(Saved data entries)
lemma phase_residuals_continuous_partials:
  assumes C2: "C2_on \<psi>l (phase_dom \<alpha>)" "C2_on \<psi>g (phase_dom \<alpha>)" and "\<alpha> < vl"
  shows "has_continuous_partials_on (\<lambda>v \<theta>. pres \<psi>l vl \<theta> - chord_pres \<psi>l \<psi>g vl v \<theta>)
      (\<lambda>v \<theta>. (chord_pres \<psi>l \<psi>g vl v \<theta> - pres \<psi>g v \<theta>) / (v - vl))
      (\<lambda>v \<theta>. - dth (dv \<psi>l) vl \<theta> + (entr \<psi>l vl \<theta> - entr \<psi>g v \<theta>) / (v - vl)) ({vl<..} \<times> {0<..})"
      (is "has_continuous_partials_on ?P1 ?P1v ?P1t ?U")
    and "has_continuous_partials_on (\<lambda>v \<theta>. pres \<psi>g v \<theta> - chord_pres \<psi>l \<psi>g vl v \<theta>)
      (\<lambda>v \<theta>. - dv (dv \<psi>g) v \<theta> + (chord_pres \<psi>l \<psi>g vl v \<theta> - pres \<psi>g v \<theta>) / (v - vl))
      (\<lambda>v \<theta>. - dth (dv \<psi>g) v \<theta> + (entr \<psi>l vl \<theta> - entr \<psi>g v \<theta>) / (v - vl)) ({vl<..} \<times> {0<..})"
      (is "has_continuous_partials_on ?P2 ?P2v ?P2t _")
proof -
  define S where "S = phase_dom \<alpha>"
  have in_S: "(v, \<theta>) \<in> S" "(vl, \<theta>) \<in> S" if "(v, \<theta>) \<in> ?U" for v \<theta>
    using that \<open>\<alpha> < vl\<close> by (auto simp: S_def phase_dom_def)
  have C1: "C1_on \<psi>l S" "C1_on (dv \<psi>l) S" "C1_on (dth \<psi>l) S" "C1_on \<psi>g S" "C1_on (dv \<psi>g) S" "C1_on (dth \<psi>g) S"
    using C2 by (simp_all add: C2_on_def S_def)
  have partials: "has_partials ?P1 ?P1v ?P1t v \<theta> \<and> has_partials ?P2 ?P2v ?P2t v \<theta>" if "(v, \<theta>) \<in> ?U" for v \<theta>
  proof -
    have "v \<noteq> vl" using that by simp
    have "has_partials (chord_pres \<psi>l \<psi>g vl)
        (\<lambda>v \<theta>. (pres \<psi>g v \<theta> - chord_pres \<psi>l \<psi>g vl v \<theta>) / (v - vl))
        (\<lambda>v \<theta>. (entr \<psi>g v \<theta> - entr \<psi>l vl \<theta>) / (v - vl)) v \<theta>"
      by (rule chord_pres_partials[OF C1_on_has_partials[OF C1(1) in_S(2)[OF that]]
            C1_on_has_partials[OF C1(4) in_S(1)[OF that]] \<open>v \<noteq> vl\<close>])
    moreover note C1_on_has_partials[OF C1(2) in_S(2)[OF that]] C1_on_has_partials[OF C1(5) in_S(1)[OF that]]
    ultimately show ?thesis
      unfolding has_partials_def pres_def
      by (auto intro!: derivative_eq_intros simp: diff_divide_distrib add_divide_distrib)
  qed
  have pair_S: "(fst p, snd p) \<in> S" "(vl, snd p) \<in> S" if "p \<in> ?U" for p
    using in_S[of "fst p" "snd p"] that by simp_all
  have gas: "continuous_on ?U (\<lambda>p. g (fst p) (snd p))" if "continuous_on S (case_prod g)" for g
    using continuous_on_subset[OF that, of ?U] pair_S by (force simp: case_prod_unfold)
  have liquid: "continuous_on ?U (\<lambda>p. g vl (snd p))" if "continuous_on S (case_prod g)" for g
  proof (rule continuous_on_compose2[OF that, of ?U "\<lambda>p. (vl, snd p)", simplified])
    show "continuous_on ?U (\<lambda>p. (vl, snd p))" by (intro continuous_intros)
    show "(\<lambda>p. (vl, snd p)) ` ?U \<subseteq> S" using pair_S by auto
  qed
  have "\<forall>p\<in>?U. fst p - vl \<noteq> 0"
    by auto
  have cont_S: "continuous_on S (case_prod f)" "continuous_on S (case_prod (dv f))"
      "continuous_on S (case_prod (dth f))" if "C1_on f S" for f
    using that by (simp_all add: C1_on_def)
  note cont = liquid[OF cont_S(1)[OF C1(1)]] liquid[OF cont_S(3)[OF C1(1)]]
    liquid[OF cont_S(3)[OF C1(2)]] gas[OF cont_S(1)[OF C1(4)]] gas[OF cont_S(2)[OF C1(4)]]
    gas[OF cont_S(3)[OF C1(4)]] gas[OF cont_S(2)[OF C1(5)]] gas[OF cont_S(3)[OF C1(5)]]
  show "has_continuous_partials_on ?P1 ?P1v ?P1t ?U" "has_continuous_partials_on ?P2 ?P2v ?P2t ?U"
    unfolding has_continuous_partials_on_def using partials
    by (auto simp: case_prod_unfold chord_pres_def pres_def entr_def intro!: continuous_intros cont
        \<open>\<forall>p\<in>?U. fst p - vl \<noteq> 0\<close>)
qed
* * *
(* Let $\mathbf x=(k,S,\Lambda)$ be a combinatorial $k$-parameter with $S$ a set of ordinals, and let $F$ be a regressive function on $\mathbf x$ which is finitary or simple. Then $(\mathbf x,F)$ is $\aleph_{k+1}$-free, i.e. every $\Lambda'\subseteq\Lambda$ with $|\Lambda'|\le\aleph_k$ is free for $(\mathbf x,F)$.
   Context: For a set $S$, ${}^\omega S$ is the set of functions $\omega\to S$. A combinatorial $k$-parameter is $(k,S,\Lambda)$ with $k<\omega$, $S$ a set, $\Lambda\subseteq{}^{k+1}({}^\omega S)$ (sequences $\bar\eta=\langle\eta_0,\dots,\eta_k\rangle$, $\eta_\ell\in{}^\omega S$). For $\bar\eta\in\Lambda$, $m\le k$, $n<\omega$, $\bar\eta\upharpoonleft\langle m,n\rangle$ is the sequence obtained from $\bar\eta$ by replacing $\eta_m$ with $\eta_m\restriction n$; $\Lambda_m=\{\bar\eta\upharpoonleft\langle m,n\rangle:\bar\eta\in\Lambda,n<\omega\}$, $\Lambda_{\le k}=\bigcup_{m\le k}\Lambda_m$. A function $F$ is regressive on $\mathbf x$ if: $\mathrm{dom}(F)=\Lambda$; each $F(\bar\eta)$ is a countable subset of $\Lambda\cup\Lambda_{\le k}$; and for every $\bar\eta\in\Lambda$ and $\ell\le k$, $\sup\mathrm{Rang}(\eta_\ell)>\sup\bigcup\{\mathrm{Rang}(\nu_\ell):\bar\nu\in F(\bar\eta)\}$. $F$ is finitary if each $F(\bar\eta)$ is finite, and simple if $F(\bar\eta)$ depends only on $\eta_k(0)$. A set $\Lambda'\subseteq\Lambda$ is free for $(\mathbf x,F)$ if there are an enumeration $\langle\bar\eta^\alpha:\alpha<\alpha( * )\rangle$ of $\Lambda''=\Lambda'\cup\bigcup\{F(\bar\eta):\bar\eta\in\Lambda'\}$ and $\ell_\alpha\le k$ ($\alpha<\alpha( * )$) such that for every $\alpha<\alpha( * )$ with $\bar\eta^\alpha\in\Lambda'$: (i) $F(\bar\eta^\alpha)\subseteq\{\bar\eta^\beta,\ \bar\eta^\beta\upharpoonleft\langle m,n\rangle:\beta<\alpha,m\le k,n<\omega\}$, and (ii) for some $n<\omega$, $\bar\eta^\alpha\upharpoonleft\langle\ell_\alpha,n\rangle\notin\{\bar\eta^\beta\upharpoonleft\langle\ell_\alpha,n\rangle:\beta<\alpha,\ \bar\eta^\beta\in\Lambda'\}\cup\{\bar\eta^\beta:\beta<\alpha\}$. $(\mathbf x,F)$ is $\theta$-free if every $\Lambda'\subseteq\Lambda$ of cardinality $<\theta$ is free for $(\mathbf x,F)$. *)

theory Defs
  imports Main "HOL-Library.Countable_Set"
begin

• Work instructions:
What lines in the entries above include the string "rule"? Return each one.

• Problem solution:
      by (rule chord_pres_partials[OF C1_on_has_partials[OF C1(1) in_S(2)[OF that]]
  proof (rule continuous_on_compose2[OF that, of ?U "\<lambda>p. (vl, snd p)", simplified])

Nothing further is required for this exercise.